Puis il me regarda bien droit sans dire un mot, son sourire s’évanouit, ses yeux brillaient comme des incendies dans le maquis et je rougis discrètement dans la nuit. Il était d’une beauté presque interdite, mélange de force et de fragilité dans la merveilleuse quiétude de la nuit corse… Mon cœur était chaud et palpitant comme un chamallow grillé, mon esprit était absolument niais comme le ravi de la crèche.

Je me sentais bien... Et pendant quelques secondes, le reste du monde ne me fit plus peur. Du moins, jusqu’à l’arrivée de la première fille.

Un vrai défilé ! Pendant deux heures, nous vîmes passer des tas de gens qui venaient prendre des nouvelles de nos éclopés. Dont environ 80% de nanas ! Chouette… Tous se présentaient au passage sous des prénoms que j'oubliais presque instantanément. Pour me donner une contenance, je m’appliquai d’abord à papoter avec Ingrid en grignotant salades et merguez. Puis nous décidâmes d’aller nous trémousser en rythme sur la plage. Ingrid réquisitionna Pietro comme cavalier tandis que j’héritai d’un moniteur italien un peu collant mais bon danseur.

Louka resta assis plus loin, riant ou discutant avec les uns et les autres. Je ne pus que remarquer que les filles se pressaient autour de lui, jambes nues et décolletés... Et parmi elles, je reconnus la fameuse Cinderella. Sourire, seins, rouge à lèvres : tout dégoulina sur lui sous prétexte de lui faire la bise... Mon cœur bouillait dans ma poitrine mais je continuais à danser pour me donner une contenance.

La musique avait ralenti et mon cavalier dont j’avais oublié le prénom me serrait d’un peu plus près. Trop près ! Ce qui ne m’empêcha pas de repérer une brunette, roulée comme un cigare cubain, à peine habillée, juchée sur des talons vertigineux, qui s’assit en face de Louka. Et cinq minutes plus tard, elle vint carrément poser ses fesses parfaites sur l’accoudoir de son fauteuil et sa main manucurée sur son bras.

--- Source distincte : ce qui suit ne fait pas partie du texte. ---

text \<open>Write \<open>q = 1 - p\<close>. Telescoping the inner sum turns the operator into
\<open>\<lambda> h(j+1) - j h(j) + (q/p) E h(j+Y'+1)\<close> with \<open>Y' ~ Ge(p)\<close>, so at \<open>j = X + Y\<close> it splits
into the Poisson Stein operator \<open>\<lambda> f(x+1) - x f(x)\<close> applied to \<open>h(\<cdot> + Y)\<close> at \<open>X\<close> and the
geometric Stein operator \<open>(q/p) E f(y+Y'+1) - y f(y)\<close> applied to \<open>h(X + \<cdot>)\<close> at \<open>Y\<close>.
Both have mean zero by size biasing: \<open>(k+1) P(X = k+1) = \<lambda> P(X = k)\<close>, and
\<open>(k+1) P(Y = k+1) = (q/p) P(Y + Y' = k)\<close> because \<open>Y + Y'\<close> is negative binomial with
\<open>P(Y + Y' = k) = (k+1) p\<^sup>2 q\<^sup>k\<close>. Fubini over the independent pair \<open>(X, Y)\<close> finishes the proof.\<close>

lemma measure_pmf_pair_pmf:
  fixes A :: "'a::countable pmf" and B :: "'b::countable pmf"
  shows "measure_pmf (pair_pmf A B) = measure_pmf A \<Otimes>\<^sub>M measure_pmf B"
proof (rule pair_measure_eqI[symmetric])
  show "sigma_finite_measure (measure_pmf A)" "sigma_finite_measure (measure_pmf B)"
    by (simp_all add: prob_space_imp_sigma_finite measure_pmf.prob_space_axioms)
  have "sets (measure_pmf A \<Otimes>\<^sub>M measure_pmf B)
      = sets (count_space (UNIV :: 'a set) \<Otimes>\<^sub>M count_space (UNIV :: 'b set))"
    by (intro sets_pair_measure_cong) auto
  also have "\<dots> = UNIV"
    by (subst pair_measure_countable) auto
  finally show "sets (measure_pmf A \<Otimes>\<^sub>M measure_pmf B) = sets (measure_pmf (pair_pmf A B))"
    by simp
  fix X :: "'a set" and Y :: "'b set"
  show "emeasure A X * emeasure B Y = emeasure (pair_pmf A B) (X \<times> Y)"
    by (simp add: measure_pmf.emeasure_eq_measure measure_pmf_prob_product ennreal_mult)
qed

lemma
  fixes A :: "'a::countable pmf" and B :: "'b::countable pmf" and f :: "'a \<Rightarrow> 'b \<Rightarrow> real"
  assumes "integrable (pair_pmf A B) (\<lambda>(x, y). f x y)"
  shows integrable_expectation_pair_pmf_fst:
      "integrable A (\<lambda>x. measure_pmf.expectation B (f x))"
    and expectation_pair_pmf_fst:
      "measure_pmf.expectation (pair_pmf A B) (\<lambda>(x, y). f x y)
     = measure_pmf.expectation A (\<lambda>x. measure_pmf.expectation B (f x))"
    and expectation_pair_pmf_snd:
      "measure_pmf.expectation (pair_pmf A B) (\<lambda>(x, y). f x y)
     = measure_pmf.expectation B (\<lambda>y. measure_pmf.expectation A (\<lambda>x. f x y))"
proof -
  interpret pair_sigma_finite A B
    by (intro pair_sigma_finite.intro prob_space_imp_sigma_finite measure_pmf.prob_space_axioms)
  have int: "integrable (A \<Otimes>\<^sub>M B) (\<lambda>(x, y). f x y)"
    using assms by (simp add: measure_pmf_pair_pmf)
  show "integrable A (\<lambda>x. measure_pmf.expectation B (f x))"
    using integrable_fst[OF int] by simp
  show "measure_pmf.expectation (pair_pmf A B) (\<lambda>(x, y). f x y)
      = measure_pmf.expectation A (\<lambda>x. measure_pmf.expectation B (f x))"
    using integral_fst[OF int] by (simp add: measure_pmf_pair_pmf)
  show "measure_pmf.expectation (pair_pmf A B) (\<lambda>(x, y). f x y)
      = measure_pmf.expectation B (\<lambda>y. measure_pmf.expectation A (\<lambda>x. f x y))"
    using integral_snd[OF int] by (simp add: measure_pmf_pair_pmf)
qed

Cela me fit presque un électrochoc.

Je manquai de trébucher et prétextai la fatigue pour planter là cet Italien trop pressant. Je n’avais qu’une envie : partir, enlever mes pantoufles de vair et ma robe de bal pour me réfugier dans mon lit. Je filai à l’anglaise, n’envoyant qu’un texto à Ingrid et à Pietro pour les prévenir que je rentrais à pied.

La marche me fit du bien, la nuit était frémissante et enveloppante comme un plaid en hiver et je ne croisai pas un chat en remontant vers la ville. Cargèse dormait dans la langueur estivale et il n’y avait pas un son, pas un souffle, à part le bruit de mes talons sur le sol et celui de la mer en contrebas.

A mon arrivée, Chiara était couchée. Je pris donc soin de ne pas faire de bruit. Je vidai un demi-pot de démaquillant pour retrouver mon vrai visage, posai amoureusement la robe d’Ingrid sur le dossier de ma chaise et m’offris une douche salvatrice.

Puis je me mis au lit, à la fois triste et lucide sur le ridicule infiniment prévisible de la situation. Une fois de plus, il suffisait d’une jupe et d’une minette pour que Louka oublie mon existence… Ou presque.

Car pendant que je dormais se joua une petite scène dont j’aurais pu ne jamais entendre parler, mais qu’Ingrid ne manqua pas de me raconter dans les jours qui suivirent.

*Cendrillon, de Téléphone ; in Dure Limite, 1982.